Jean-Charles Bocquet, director of the European Crop Protection Agency, said: “We are very upset that countries were influenced by… the precautionary principle”
Regarding the failed attempt to get glyphosate re-licenced today, The Guardian article below predicts: “The European commission may now bring forward a new proposal to cut the licence’s length, or create a list of ‘co-formulants’ whose use can be limited or banned.”
We’ve long suspected that some EU authorities would try to keep the glyphosate train on the rails by only banning the notorious glyphosate co-formulant, tallowamine, or POEA. It’s already banned in Germany.
But it’s crystal clear from the statement by the World Health Organisation’s cancer agency IARC that it’s not just the co-formulants, but also “pure” glyphosate itself, that poses a cancer and DNA-damaging risk.
So banning individual co-formulants won’t cut it.
Vote on controversial weedkiller's European licence postponed
The Guardian, 8 Mar 2016
* Four EU states force delay of a vote to renew the licence for glyphosate, which has been found to be ‘probably carcinogenic’
A mutiny by several EU states has forced the postponement of a vote in Brussels on relicensing a widely used weedkiller that the World Health Organisation has found is probably carcinogenic.
Italy joined France, Sweden and the Netherlands in opposing a new 15-year licence for glyphosate at a meeting which had been expected to rubber stamp its reapproval on Tuesday.
The European commission may now bring forward a new proposal to cut the licence’s length, or create a list of “co-formulants” whose use can be limited or banned.

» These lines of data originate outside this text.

theorem lemma6:
  fixes M :: "'a measure" and X Y :: "nat \<Rightarrow> 'a \<Rightarrow> real"
    and d db :: real
    and K :: "'a \<Rightarrow> enat" and ts tr :: "'a \<Rightarrow> nat \<Rightarrow> real"
  assumes "prob_space M"
    and indep: "prob_space.indep_vars M (\<lambda>_. borel)
                  (\<lambda>(b, k). if b then X k else Y k) (UNIV :: (bool \<times> nat) set)"
    and expX: "\<And>k. distributed M lborel (X k) (exponential_density 1)"
    and expY: "\<And>k. distributed M lborel (Y k) (exponential_density 1)"
    and "d > 0" and "db > 0"
    and feas: "AE \<omega> in M. feasible d db X Y \<omega> (K \<omega>) (ts \<omega>) (tr \<omega>)"
  shows "AE \<omega> in M.
           Limsup at_top (\<lambda>T::real. ereal (real (delivered db (K \<omega>) (tr \<omega>) T) / T))
             \<le> ereal (min 1 (1 / (d + db)))"
proof -
  interpret prob_space M by fact
  have "indep_vars (\<lambda>_. borel) X UNIV"
    using indep_vars_reindex[OF indep, of "Pair True" UNIV] by (simp add: inj_def)
  then have "AE \<omega> in M. \<forall>c<1. eventually (\<lambda>k. c * real k < (\<Sum>j<k. X j \<omega>)) sequentially"
    using expX by (rule AE_all_eventually_partial_sums_gt)
  with feas show ?thesis
  proof eventually_elim
    case (elim \<omega>)
    have "0 \<le> d" "0 \<le> db" "0 < d + db" using \<open>d > 0\<close> \<open>db > 0\<close> by auto
    then show ?case
      using Limsup_delivered_rate_le_one[OF elim(1) _ _ elim(2)[rule_format]]
        Limsup_delivered_rate_le_service[OF elim(1)]
      by (simp add: min_def)
  qed
qed

end
subsection \<open>The node decoder\<close>

text \<open>The node estimate as a function of a regression vector a (indexed by the
  rows of C); a i should approximate the probability of the child set of row i.\<close>
definition decode :: "nat \<Rightarrow> (nat \<Rightarrow> real) \<Rightarrow> nat \<Rightarrow> real" where
  "decode t a j =
     2 * (1 / real (2 ^ t)) * (\<Sum>i<2 ^ t. Cmat t i j * a i + (1 - Cmat t i j) * (1 - a i)) - 1"

definition set_probs :: "nat \<Rightarrow> (nat \<Rightarrow> real) \<Rightarrow> nat \<Rightarrow> real" where
  "set_probs t q i = (\<Sum>j<2 ^ t. Cmat t i j * q j)"

lemma node_est_decode: "node_est t r x v j = decode t (\<lambda>i. reg r v i x) j"
  by (simp add: node_est_def decode_def)

lemma sum_Yset: "(\<Sum>j\<in>Yset t i. q j) = set_probs t q i"
proof -
  have "(\<Sum>j\<in>Yset t i. q j) = (\<Sum>j<2 ^ t. if Cmat t i j = 1 then q j else 0)"
    unfolding Yset_def by (subst sum.inter_filter[symmetric]) (auto intro: sum.cong)
  also have "\<dots> = set_probs t q i"
    unfolding set_probs_def by (rule sum.cong) (use Cmat_01[of t i] in auto)
  finally show ?thesis .
qed

lemma decode_hadamard: "decode t a j = (\<Sum>i<2^t. hadamard t i j * (2 * a i - 1)) / 2^t"
proof -
  let ?S = "\<Sum>i<2^t. hadamard t i j * (2 * a i - 1)"
  have "(\<Sum>i<2^t. Cmat t i j * a i + (1 - Cmat t i j) * (1 - a i))
      = (\<Sum>i<2^t. 1/2 + hadamard t i j * (2 * a i - 1) / 2)"
    by (rule sum.cong) (simp_all add: hadamard_def field_simps)
  also have "\<dots> = 2^t / 2 + ?S / 2"
    by (simp add: sum.distrib sum_divide_distrib)
  finally show ?thesis
    by (simp add: decode_def field_simps)
qed

lemma decode_diff:
  "decode t a j - decode t b j = 2 / 2^t * (\<Sum>i<2^t. hadamard t i j * (a i - b i))"
  unfolding decode_hadamard
  by (simp add: sum_distrib_left sum_divide_distrib diff_divide_distrib[symmetric]
      sum_subtractf[symmetric] algebra_simps)

text \<open>Decoding the exact targets recovers the distribution (orthogonality of H).\<close>
lemma decode_set_probs:
  assumes j: "j < 2^t" and q: "(\<Sum>j<2^t. q j) = 1"
  shows "decode t (set_probs t q) j = q j"
proof -
  have target: "2 * set_probs t q i - 1 = (\<Sum>j'<2^t. hadamard t i j' * q j')" for i
    unfolding set_probs_def hadamard_def
    by (simp add: algebra_simps sum_subtractf sum_distrib_left q)
  have "(\<Sum>i<2^t. hadamard t i j * (2 * set_probs t q i - 1))
      = (\<Sum>j'<2^t. q j' * (\<Sum>i<2^t. hadamard t i j * hadamard t i j'))"
    unfolding target sum_distrib_left by (subst sum.swap) (simp add: mult_ac)
  also have "\<dots> = (\<Sum>j'<2^t. q j' * (if j = j' then 2^t else 0))"
    using j by (intro sum.cong) (simp_all add: hadamard_orthogonal)
  also have "\<dots> = q j * 2^t"
    using j by (simp add: if_distrib cong: if_cong)
  finally show ?thesis by (simp add: decode_hadamard)
qed

lemma decode_bounded:
  assumes "\<And>i. i < 2^t \<Longrightarrow> 0 \<le> a i \<and> a i \<le> 1"
  shows "\<bar>decode t a j\<bar> \<le> 1"
proof -
  have "\<bar>\<Sum>i<2^t. hadamard t i j * (2 * a i - 1)\<bar> \<le> (\<Sum>i<(2::nat)^t. 1)"
    using assms by (intro order_trans[OF sum_abs] sum_mono)
      (force simp: abs_mult hadamard_abs)
  then show ?thesis by (simp add: decode_hadamard)
qed

text \<open>The error of the decoded value at one node in terms of the regression errors of
  the non-trivial rows (row 0 is exact since both a 0 and the target equal 1).\<close>
lemma decode_error_sq:
  assumes j: "j < 2^t" and q: "(\<Sum>j<2^t. q j) = 1" and a0: "a 0 = 1"
  shows "(decode t a j - q j)^2
           \<le> 4 * (2^t - 1) / (2^t)^2 * (\<Sum>i\<in>{1..<2^t}. (a i - set_probs t q i)^2)"
proof -
  let ?e = "\<lambda>i. a i - set_probs t q i"
  have e0: "?e 0 = 0" using a0 q by (simp add: set_probs_def Cmat_row0)
  have "decode t a j - q j = 2 / 2^t * (\<Sum>i<2^t. hadamard t i j * ?e i)"
    using decode_diff[of t a j "set_probs t q"] decode_set_probs[OF j q] by simp
  also have "(\<Sum>i<2^t. hadamard t i j * ?e i) = (\<Sum>i\<in>{1..<2^t}. hadamard t i j * ?e i)"
    using e0 by (simp add: atLeast0LessThan[symmetric] sum.atLeast_Suc_lessThan)
  finally have diff: "decode t a j - q j = 2 / 2^t * (\<Sum>i\<in>{1..<2^t}. hadamard t i j * ?e i)" .
  have "(\<Sum>i\<in>{1..<2^t}. hadamard t i j * ?e i)^2
      \<le> (\<Sum>i\<in>{1..<2^t}. (hadamard t i j)^2) * (\<Sum>i\<in>{1..<2^t}. (?e i)^2)"
    by (rule Cauchy_Schwarz_ineq_sum)
  also have "(\<Sum>i\<in>{1..<2^t}. (hadamard t i j)^2) = 2^t - 1"
  proof -
    have "(hadamard t i j)^2 = 1" for i
      by (metis hadamard_abs power2_abs power_one)
    then show ?thesis by simp
  qed
  finally show ?thesis
    unfolding diff power_mult_distrib by (simp add: field_simps)
qed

These surfactants increase a plant’s uptake of glyphosate, and can be more dangerous than the herbicide alone.
But the Netherlands is calling for the relicensing to be put on hold until after a separate evaluation of glyphosate’s toxicity next year.
Greenpeace EU’s food policy director, Franziska Achterberg, said: “Rushing to grant a new licence now, without waiting for an evaluation by Europe’s chemical agency, would be like skydiving without checking your equipment first. As long as there is conflicting scientific advice, glyphosate should not be approved for use in the EU.”
Industry groups were shocked by the delay to the vote however, which they blamed on political interference by environmentalists.
Jean-Charles Bocquet, the director of the European Crop Protection Agency, said: “We are very upset that countries were influenced by significant political pressure from the environment committee of the European parliament, NGOs and the precautionary principle.”
If no new arrangement is found then the licence for glyphosate, a core ingredient in Monsanto’s $5bn-a-year Roundup brand, will expire at the end of June.
The next EU pesticides committee meeting is on 18-19 May, but the issue could also be discussed at a plant and animal health meeting, one month before.
A commission spokesperson said: “We would like a solid majority to take a decision on this kind of issue and some member states had sceptical observations that we will have to answer, so it [a postponement] was the wise thing to do.”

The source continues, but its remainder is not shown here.